• [PROBLEM REQUIREMENTS]: Take each line of the data that contains the string "False" and copy it.

• [Saved entries]:
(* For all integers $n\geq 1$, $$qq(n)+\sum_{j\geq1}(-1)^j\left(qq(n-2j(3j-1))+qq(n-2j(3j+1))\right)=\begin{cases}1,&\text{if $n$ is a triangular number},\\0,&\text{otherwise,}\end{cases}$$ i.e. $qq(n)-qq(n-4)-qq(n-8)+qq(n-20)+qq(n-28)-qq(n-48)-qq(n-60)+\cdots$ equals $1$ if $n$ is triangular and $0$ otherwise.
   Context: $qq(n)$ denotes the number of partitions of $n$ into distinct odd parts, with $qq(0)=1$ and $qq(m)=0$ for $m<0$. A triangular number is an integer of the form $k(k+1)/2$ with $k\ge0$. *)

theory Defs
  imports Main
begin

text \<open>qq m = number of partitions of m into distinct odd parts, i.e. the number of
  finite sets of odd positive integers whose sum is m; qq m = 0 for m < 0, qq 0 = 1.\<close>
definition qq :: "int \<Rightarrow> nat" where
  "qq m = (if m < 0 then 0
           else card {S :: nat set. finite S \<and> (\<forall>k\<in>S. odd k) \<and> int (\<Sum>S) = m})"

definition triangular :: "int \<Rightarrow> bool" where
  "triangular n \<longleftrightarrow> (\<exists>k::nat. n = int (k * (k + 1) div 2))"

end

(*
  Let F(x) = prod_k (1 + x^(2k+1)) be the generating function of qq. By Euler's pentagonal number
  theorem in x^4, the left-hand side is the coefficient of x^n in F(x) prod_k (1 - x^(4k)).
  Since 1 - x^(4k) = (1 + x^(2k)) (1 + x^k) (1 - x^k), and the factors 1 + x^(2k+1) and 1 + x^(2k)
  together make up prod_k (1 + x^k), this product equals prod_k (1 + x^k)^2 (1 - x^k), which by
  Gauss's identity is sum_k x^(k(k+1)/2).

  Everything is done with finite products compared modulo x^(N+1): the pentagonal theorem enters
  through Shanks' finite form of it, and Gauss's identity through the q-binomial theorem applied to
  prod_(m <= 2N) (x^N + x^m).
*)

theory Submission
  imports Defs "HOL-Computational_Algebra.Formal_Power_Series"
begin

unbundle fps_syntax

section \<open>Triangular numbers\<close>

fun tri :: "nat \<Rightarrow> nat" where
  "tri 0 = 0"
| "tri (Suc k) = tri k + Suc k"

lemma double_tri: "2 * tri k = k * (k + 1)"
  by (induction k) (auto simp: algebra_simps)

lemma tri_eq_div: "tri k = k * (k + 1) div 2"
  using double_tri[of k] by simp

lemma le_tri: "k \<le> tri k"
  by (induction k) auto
---
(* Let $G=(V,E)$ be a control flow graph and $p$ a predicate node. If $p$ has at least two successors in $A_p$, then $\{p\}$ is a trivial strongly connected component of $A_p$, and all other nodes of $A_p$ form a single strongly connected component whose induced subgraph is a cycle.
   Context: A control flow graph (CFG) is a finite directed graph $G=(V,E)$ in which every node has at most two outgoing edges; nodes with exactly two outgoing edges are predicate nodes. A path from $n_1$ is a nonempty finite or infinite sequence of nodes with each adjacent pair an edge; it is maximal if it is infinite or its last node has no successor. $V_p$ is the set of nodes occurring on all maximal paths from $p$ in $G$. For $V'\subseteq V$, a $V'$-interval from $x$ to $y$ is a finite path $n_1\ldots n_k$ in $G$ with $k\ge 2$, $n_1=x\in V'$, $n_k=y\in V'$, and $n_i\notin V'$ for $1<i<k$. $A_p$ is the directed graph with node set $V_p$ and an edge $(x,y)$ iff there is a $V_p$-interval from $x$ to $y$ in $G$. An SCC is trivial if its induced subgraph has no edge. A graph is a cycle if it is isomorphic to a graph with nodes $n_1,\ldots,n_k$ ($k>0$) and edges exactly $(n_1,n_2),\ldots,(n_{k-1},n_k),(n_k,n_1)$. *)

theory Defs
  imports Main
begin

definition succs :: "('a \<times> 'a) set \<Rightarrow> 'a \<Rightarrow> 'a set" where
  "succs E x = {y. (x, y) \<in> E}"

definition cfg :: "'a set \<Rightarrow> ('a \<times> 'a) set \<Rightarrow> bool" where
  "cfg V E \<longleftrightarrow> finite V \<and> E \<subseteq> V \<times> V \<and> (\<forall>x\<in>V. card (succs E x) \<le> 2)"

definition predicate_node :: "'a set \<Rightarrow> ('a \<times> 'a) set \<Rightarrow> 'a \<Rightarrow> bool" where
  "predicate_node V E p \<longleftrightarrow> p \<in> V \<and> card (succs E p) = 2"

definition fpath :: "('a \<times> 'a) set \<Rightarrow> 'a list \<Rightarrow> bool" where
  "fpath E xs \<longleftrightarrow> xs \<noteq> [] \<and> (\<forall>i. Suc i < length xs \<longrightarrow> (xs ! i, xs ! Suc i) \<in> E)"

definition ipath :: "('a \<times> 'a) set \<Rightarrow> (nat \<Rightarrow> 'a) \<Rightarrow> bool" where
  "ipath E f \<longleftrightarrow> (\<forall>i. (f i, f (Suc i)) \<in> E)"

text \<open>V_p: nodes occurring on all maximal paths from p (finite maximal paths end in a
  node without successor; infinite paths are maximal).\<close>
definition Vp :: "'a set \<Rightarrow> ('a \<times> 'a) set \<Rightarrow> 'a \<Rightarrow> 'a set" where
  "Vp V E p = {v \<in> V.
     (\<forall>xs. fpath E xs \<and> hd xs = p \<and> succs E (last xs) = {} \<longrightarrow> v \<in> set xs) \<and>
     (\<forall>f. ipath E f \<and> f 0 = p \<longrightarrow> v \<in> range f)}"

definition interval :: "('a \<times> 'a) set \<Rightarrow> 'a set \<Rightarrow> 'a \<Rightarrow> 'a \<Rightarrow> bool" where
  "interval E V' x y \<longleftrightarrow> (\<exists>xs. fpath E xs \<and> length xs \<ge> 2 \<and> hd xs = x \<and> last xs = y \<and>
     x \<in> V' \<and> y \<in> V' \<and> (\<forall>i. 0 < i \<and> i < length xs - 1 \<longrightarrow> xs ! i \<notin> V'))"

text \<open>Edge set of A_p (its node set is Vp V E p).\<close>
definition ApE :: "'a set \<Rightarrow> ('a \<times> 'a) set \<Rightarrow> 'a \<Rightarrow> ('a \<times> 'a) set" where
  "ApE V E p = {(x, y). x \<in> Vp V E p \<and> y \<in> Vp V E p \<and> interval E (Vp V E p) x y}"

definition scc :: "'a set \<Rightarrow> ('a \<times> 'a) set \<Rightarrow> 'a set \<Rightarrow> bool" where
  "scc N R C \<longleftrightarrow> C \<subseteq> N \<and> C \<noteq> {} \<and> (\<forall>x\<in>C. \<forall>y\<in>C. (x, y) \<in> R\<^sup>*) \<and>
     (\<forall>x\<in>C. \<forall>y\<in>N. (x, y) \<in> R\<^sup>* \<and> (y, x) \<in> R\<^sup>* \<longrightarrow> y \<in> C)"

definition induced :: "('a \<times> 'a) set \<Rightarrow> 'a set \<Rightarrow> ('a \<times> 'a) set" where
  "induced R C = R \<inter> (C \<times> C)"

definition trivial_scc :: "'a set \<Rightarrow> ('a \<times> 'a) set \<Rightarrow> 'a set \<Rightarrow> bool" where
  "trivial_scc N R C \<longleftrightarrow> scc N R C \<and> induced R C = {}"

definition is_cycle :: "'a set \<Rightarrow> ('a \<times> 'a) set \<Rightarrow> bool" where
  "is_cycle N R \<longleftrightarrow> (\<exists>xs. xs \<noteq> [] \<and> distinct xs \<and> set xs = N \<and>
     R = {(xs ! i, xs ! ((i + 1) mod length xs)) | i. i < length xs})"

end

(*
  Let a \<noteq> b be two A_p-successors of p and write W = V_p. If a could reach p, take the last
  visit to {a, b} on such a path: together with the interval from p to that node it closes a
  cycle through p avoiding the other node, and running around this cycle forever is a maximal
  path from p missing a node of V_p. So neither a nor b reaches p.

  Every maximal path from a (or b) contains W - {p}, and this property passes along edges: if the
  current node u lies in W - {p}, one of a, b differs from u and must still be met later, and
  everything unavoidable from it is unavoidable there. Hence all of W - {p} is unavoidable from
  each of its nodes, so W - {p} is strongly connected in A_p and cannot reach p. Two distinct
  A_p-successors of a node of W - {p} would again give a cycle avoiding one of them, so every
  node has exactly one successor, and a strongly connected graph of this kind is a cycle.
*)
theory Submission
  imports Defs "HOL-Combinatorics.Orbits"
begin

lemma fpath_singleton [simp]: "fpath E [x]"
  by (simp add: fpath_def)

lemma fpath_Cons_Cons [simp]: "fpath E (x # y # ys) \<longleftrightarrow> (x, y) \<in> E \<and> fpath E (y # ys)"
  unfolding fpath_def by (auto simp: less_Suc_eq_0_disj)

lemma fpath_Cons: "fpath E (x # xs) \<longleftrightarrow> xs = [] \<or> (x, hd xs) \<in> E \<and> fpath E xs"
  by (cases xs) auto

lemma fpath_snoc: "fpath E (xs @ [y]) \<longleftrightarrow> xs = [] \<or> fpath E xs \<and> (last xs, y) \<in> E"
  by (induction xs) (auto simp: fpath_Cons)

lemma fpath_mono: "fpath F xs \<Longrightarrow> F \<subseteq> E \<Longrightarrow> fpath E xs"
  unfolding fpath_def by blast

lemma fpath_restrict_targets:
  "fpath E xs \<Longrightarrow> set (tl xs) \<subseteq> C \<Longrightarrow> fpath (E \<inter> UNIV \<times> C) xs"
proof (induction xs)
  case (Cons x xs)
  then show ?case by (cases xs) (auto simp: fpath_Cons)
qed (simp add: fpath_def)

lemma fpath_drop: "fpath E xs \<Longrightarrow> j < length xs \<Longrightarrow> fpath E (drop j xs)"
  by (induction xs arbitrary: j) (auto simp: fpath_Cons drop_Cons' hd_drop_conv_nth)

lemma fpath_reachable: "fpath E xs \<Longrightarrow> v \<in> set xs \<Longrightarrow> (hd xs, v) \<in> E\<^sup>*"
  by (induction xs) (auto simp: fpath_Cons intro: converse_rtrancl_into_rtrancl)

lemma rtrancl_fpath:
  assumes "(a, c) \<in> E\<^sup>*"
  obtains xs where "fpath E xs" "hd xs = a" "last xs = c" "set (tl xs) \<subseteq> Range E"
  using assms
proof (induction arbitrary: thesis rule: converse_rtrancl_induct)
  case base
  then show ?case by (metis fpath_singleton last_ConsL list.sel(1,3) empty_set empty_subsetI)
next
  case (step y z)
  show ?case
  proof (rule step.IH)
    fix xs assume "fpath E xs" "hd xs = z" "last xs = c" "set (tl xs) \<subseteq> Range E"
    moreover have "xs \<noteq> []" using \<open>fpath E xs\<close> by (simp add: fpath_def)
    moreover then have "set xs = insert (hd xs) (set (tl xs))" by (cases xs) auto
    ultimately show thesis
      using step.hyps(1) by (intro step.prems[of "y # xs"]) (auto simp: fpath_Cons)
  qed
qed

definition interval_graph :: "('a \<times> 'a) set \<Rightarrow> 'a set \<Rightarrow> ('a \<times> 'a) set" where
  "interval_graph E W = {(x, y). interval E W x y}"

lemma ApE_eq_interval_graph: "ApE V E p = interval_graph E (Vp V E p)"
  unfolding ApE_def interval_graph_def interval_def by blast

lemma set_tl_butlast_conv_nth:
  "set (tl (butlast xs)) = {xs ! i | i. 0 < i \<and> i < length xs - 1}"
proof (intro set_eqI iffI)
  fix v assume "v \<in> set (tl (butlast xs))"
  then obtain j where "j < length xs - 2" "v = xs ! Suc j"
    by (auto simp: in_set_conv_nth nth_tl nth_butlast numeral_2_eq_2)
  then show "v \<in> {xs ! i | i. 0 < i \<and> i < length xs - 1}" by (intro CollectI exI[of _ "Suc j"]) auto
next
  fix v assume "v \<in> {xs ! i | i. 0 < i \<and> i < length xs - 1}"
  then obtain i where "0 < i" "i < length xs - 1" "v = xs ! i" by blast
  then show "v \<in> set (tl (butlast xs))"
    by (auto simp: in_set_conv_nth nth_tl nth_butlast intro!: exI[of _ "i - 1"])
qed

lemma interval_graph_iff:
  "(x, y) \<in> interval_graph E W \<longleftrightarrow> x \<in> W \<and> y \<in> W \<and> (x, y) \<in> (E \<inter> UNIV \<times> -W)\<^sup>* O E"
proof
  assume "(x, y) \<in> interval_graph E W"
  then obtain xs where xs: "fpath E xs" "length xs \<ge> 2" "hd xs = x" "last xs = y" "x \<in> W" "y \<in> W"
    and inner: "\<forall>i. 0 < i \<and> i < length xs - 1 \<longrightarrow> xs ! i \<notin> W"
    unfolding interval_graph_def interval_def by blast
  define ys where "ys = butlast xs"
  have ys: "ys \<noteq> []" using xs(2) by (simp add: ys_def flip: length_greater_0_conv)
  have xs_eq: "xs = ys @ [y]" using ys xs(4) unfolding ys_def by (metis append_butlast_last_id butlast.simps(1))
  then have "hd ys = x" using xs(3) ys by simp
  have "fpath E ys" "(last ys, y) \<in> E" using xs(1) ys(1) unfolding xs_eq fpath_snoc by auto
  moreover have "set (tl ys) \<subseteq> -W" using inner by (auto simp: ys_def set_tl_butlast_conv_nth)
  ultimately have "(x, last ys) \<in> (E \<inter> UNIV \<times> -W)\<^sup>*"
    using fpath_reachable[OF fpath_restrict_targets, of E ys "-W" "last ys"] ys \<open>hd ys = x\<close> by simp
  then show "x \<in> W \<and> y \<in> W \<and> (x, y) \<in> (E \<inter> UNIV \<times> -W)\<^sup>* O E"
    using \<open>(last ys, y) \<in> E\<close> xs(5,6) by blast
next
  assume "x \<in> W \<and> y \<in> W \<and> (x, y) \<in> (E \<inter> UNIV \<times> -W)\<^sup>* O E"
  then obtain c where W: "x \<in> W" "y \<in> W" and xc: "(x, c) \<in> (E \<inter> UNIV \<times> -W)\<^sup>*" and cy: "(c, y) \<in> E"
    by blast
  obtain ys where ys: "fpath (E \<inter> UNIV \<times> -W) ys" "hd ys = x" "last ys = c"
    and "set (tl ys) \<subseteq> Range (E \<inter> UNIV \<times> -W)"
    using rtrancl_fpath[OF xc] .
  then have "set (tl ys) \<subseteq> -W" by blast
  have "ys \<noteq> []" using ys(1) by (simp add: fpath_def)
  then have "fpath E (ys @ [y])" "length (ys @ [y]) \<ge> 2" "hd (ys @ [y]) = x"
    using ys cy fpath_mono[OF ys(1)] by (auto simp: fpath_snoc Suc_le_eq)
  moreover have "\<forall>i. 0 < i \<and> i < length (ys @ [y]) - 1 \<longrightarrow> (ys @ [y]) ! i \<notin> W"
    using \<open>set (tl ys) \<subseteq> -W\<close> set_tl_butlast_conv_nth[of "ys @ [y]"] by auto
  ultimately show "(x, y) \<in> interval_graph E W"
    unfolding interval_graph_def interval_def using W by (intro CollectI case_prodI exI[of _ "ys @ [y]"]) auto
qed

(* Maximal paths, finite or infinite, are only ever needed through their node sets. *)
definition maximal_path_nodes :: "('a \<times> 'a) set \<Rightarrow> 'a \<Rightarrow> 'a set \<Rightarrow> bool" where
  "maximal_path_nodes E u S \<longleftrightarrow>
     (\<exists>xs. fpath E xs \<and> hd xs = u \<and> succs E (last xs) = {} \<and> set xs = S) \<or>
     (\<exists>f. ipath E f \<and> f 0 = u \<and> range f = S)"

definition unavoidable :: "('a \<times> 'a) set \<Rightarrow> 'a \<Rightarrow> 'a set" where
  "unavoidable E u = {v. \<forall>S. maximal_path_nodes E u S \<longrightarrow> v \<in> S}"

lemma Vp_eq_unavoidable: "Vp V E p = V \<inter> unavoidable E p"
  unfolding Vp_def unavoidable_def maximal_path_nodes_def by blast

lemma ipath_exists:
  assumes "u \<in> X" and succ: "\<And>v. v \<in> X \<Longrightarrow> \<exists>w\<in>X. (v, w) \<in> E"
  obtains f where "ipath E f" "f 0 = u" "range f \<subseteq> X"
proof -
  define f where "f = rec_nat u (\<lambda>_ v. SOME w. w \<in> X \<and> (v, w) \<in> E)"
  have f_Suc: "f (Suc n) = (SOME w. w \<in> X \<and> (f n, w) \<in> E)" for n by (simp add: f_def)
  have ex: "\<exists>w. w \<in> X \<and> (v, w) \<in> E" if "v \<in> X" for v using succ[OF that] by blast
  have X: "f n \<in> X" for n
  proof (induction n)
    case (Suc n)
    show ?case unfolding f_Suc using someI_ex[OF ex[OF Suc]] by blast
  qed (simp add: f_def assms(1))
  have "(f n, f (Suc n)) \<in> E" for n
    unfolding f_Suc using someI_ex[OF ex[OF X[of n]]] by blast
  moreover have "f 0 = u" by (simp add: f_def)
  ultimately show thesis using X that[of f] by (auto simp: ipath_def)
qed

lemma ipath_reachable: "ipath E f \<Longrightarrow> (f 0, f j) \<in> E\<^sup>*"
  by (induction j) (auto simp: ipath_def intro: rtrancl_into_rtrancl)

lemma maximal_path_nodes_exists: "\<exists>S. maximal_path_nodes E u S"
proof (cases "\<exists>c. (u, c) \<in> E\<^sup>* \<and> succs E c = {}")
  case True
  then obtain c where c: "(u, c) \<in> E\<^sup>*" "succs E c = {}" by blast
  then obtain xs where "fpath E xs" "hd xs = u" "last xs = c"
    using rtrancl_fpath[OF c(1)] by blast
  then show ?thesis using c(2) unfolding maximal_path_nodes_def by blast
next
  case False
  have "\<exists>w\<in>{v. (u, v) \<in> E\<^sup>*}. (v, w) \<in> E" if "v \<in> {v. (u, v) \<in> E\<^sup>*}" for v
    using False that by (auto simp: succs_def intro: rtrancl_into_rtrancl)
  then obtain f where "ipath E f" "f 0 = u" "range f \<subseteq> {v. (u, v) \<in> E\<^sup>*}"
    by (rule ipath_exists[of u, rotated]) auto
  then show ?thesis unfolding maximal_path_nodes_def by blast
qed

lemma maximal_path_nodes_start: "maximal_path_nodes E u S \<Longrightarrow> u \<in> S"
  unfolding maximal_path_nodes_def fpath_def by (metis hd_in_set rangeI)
---
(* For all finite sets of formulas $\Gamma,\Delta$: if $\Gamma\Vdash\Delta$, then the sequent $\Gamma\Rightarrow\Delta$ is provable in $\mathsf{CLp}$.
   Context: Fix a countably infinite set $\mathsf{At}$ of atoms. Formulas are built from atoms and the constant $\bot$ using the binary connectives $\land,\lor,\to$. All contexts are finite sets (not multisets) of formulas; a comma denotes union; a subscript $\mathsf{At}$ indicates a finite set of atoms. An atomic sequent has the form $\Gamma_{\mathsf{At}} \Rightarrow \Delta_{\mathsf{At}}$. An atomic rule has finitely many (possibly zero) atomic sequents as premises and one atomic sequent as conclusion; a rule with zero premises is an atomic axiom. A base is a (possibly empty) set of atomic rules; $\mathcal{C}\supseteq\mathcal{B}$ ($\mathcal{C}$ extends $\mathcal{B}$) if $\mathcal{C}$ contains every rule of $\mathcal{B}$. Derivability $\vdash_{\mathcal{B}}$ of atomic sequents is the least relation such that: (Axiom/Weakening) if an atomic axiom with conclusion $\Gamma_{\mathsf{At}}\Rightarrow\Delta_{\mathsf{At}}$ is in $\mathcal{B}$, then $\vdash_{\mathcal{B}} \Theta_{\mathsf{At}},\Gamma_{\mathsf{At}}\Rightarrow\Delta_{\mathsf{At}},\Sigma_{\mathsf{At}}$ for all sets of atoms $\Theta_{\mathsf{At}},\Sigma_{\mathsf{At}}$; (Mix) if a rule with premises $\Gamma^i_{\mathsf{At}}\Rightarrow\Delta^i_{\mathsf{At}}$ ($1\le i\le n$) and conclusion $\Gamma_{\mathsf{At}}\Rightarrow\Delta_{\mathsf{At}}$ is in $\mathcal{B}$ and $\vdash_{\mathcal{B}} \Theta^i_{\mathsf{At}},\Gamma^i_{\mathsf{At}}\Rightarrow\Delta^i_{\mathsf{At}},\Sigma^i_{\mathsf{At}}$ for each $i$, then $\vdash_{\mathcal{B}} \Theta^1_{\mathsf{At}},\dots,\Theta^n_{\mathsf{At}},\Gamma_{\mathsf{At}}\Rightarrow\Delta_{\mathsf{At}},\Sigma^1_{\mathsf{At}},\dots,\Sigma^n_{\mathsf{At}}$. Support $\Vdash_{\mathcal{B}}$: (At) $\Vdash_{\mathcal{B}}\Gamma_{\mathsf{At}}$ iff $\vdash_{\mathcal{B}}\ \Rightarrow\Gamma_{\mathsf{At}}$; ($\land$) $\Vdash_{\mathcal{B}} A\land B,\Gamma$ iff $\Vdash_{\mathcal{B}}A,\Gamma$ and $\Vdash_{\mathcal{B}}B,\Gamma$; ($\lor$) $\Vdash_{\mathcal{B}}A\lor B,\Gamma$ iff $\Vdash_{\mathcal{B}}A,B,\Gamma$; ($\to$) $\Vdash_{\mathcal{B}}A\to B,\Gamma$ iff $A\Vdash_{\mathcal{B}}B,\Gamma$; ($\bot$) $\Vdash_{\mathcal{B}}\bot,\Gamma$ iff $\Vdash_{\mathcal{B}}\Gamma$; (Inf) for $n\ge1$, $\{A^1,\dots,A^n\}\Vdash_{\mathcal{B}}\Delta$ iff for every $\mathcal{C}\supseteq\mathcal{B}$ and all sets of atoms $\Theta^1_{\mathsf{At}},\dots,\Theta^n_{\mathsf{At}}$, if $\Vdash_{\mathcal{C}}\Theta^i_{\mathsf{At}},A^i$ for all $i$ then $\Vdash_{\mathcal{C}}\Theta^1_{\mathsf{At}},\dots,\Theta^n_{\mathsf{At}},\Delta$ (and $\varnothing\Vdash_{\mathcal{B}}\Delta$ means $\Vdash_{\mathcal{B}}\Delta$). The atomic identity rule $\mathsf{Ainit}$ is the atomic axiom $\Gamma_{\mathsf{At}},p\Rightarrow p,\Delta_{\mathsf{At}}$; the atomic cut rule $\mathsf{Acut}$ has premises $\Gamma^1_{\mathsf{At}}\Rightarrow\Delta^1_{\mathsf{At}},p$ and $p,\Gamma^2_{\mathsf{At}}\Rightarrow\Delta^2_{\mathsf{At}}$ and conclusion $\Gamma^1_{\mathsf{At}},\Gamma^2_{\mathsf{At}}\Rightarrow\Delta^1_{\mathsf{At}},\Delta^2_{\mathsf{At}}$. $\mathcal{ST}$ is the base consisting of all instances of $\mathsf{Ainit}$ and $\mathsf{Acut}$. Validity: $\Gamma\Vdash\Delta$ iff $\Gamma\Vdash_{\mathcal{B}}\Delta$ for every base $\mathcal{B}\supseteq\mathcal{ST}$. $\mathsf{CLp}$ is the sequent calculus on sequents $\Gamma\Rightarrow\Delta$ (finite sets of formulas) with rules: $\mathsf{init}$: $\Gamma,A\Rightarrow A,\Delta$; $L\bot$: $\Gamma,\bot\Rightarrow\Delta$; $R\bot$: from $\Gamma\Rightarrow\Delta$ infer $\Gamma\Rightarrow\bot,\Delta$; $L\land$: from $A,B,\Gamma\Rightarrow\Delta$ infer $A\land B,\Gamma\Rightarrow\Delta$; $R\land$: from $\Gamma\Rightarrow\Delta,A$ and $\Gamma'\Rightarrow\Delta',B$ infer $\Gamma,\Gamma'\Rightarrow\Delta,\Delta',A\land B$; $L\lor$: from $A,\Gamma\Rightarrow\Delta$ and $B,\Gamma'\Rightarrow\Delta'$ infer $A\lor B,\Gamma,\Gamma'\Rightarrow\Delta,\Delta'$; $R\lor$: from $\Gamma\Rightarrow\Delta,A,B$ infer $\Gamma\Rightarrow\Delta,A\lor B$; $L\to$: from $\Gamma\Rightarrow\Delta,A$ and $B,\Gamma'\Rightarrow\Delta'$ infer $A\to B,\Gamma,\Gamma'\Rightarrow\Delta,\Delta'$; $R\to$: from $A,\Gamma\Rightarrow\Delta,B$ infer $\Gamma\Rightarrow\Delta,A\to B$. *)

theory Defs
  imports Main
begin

• [WRITTEN RESPONSE]:
  case False
    using False that by (auto simp: succs_def intro: rtrancl_into_rtrancl)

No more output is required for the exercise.